The value of the Herzfeld collection lies in its breadth, documenting numerous sites and monuments from all over the Near East, and in doing so provides a window onto a scholarly world very different from ours today. In Herzfeld's time, art historians were also photographers, draftsmen, philologists, and archaeologists, and wrote on subjects as broad and variegated as the vast region of the Near East represented in the photographs, drawings, and notes in this archive.
Herzfeld's Scholarly Career
Herzfeld was born in 1879 in Celle, Germany, but attended high school and college in Berlin. In 1903 he graduated from the Technische Hochschule zu Berlin (now the Technische Universität or TU-Berlin) with the title of Königlicher Regierungsbauführer—a technical degree in architecture that enabled him to understand architectonics, draw floor plans, and develop an appreciation for world architecture. A number of sketchbooks from Herzfeld's time as an architecture student are preserved in the archive, shedding light on the curriculum of students at the Technische Hochschule. Herzfeld simultaneously undertook studies in history and philosophy at Friedrich-Wilhelms-Universität (Humboldt University of Berlin), and would later earn a doctorate in 1907 under the supervision of Eduard Meyer (1855–1930), a preeminent historian of the ancient world.

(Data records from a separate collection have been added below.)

(* Let $1\le i\le n$ and $\varphi\in\mathcal{I}_1^{i+}=C([-\bar\tau_l^i,0],\mathbb{R}_+^2)$, where $\bar\tau_l^i=\max_{0\le t\le w}\tau_l^i(t)$. Then the orbit $t\mapsto\bar P^i(t,\varphi)$ of the mosquito system described in the context is precompact.
   Context: Let $w>0$; for patch $i$, $\mu_b^i,\mu_l^i,\mu_m^i,K^i,\tau_l^i$ are positive continuous $w$-periodic functions on $\mathbb{R}$, $\tau_l^i$ continuously differentiable, $K^i$ bounded. The mosquito system of patch $i$ is $\dot L_s^i=\mu_b^i(t)\big(1-\frac{L_s^i(t)}{K^i(t)}\big)S_m^i(t)-\mu_l^i(t)L_s^i(t)$, $\dot S_m^i=(1-\dot\tau_l^i(t))\mu_b^i(t-\tau_l^i(t))\big(1-\frac{L_s^i(t-\tau_l^i(t))}{K^i(t-\tau_l^i(t))}\big)S_m^i(t-\tau_l^i(t))e^{-\int_{t-\tau_l^i(t)}^t\mu_l^i(s)ds}-\mu_m^i(t)S_m^i(t)$. $\bar P^i(t,\varphi)\in\mathcal{I}_1^{i+}$ denotes the state (history segment on $[-\bar\tau_l^i,0]$) at time $t\ge0$ of the unique solution of this system with initial history $\varphi$ for $(L_s^i,S_m^i)$. *)

theory Defs
  imports "HOL-Analysis.Analysis"
begin

definition clamp_hist :: "real \<Rightarrow> real \<Rightarrow> real" where
  "clamp_hist r s = max (- r) (min 0 s)"

text \<open>History segment x_t restricted to [-r,0], viewed as an element of the
  sup-normed Banach space of bounded continuous functions (extended constantly
  outside [-r,0]; this is an isometric copy of C([-r,0], R^2)).\<close>
definition hist_seg :: "real \<Rightarrow> (real \<Rightarrow> real \<times> real) \<Rightarrow> real \<Rightarrow> (real \<Rightarrow>\<^sub>C (real \<times> real))" where
  "hist_seg r x t = Bcontfun (\<lambda>s. x (t + clamp_hist r s))"
(* Let $n\ge1$, $b\ge1$. For $0\le i,j\le n$: (1) the transition probabilities of the type $B$ base-$(2b+1)$ carries chain are $$P(i,j)=\frac1{(2b+1)^n}\sum_{l\ge0}(-1)^l\binom{n+1}{l}\binom{n+(j-l)(2b+1)+b-i}{n};$$ (2) its $r$-step transition probabilities ($r\ge1$) are $$P^r(i,j)=\frac1{(2b+1)^{rn}}\sum_{l\ge0}(-1)^l\binom{n+1}{l}\binom{n+(j-l)(2b+1)^r+\frac{(2b+1)^r-1}{2}-i}{n}.$$
   Context: Binomial convention: $\binom{m}{n}=\frac{m(m-1)\cdots(m-n+1)}{n!}$ if $m\ge n$ and $\binom{m}{n}=0$ if $m<n$ (including negative $m$). The type $B$ base-$(2b+1)$ carries chain (for $n$ summands) is the Markov chain $\kappa_0=0,\kappa_1,\dots$ on $\{0,1,\dots,n\}$ obtained by adding $n$ random base-$(2b+1)$ numbers with i.i.d. digits uniform on $\{0,1,\dots,2b\}$ together with the number all of whose digits equal $b$: $\kappa_{t+1}=\lfloor(\kappa_t+b+X_{t+1,1}+\dots+X_{t+1,n})/(2b+1)\rfloor$ with $X_{t,k}$ i.i.d. uniform on $\{0,\dots,2b\}$. *)

theory Defs
  imports Complex_Main "HOL-Library.FuncSet"
begin

text \<open>Binomial with integer upper argument: m(m-1)...(m-k+1)/k! if m >= k, and 0 if m < k
  (including negative m).\<close>
definition binomz :: "int \<Rightarrow> nat \<Rightarrow> int" where
  "binomz m k = (if m < int k then 0 else int (nat m choose k))"

text \<open>One-step transition probability of the type B base-(2b+1) carries chain with n summands:
  the probability, for digits X_1..X_n i.i.d. uniform on {0..2b}, that
  floor((i + b + X_1 + ... + X_n)/(2b+1)) = j.\<close>
definition carriesB_P :: "nat \<Rightarrow> nat \<Rightarrow> nat \<Rightarrow> nat \<Rightarrow> real" where
  "carriesB_P b n i j =
     real (card {x \<in> {..<n} \<rightarrow>\<^sub>E {0..2*b}.
                   (i + b + (\<Sum>k<n. x k)) div (2*b+1) = j}) / real ((2*b+1)^n)"

fun carriesB_Pr :: "nat \<Rightarrow> nat \<Rightarrow> nat \<Rightarrow> nat \<Rightarrow> nat \<Rightarrow> real" where
  "carriesB_Pr b n 0 i j = (if i = j then 1 else 0)"
| "carriesB_Pr b n (Suc r) i j = (\<Sum>k=0..n. carriesB_Pr b n r i k * carriesB_P b n k j)"

end

theory Submission
  imports Defs
begin

(* Everything reduces to counting digit vectors.  For an arbitrary base M and shift B,
   carry_count n M B i j counts the x in {0..<M}^n with (i + B + sum x) div M = j, so that
   P(i,j) = carry_count n (2b+1) b i j / (2b+1)^n.
   (a) Closed form.  The number of x in {0..<M}^n with sum x <= t is an alternating
       binomial sum (inclusion-exclusion, proved by induction on n via the hockey-stick
       identity).  A carry count is the difference of two such counts, and the alternating
       Pascal rule merges the difference into one sum with coefficients binom(n+1, l).
   (b) Composition.  Writing a base-(M*m) digit as x + M*y with x < M, y < m shows that
       carrying with base M and shift B, then with base m and shift c, is carrying with
       base M*m and shift B + M*c (a Chapman-Kolmogorov identity for the counts).
       Iterating it, the r-step chain is the one-step chain of base (2b+1)^r with the
       centred shift ((2b+1)^r - 1)/2.
   The theorem is (a) applied to the one-step and to the r-step counts. *)

lemma binomz_pascal: "binomz (v + 1) (Suc k) = binomz v (Suc k) + binomz v k"
proof (cases "v < int k")
  case True
  then show ?thesis by (simp add: binomz_def)
next
  case False
  define w where "w = nat v"
  have v: "v = int w" "k \<le> w" using False by (auto simp: w_def)
  show ?thesis
  proof (cases "w = k")
    case True
    then show ?thesis using v by (simp add: binomz_def nat_add_distrib)
  next
    case False
    then show ?thesis using v by (simp add: binomz_def nat_add_distrib)
  qed
qed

Soon after graduating from college, Herzfeld went to Iraq where he served as an assistant to Walter Andrae (1875–1956) in the German Archaeological Institute's excavations at Assur. This experience must have been formative for the young scholar, because Herzfeld was to spend much of his professional career in the Near East from this point on. After finishing his doctorate, he conducted extensive field research on architecture in Mesopotamia and Syria-Palestine between 1907 and 1914. During World War I, he returned to the Middle East where he served as a surveyor in the German army. In the 1920s, he relocated semipermanently to Iran to conduct fieldwork and advise the government on its antiquities legislation. Although he was appointed associate professor of Near Eastern geography and art history in Berlin in 1917, he was more at home in the Near East, as his many photographs from the region attest.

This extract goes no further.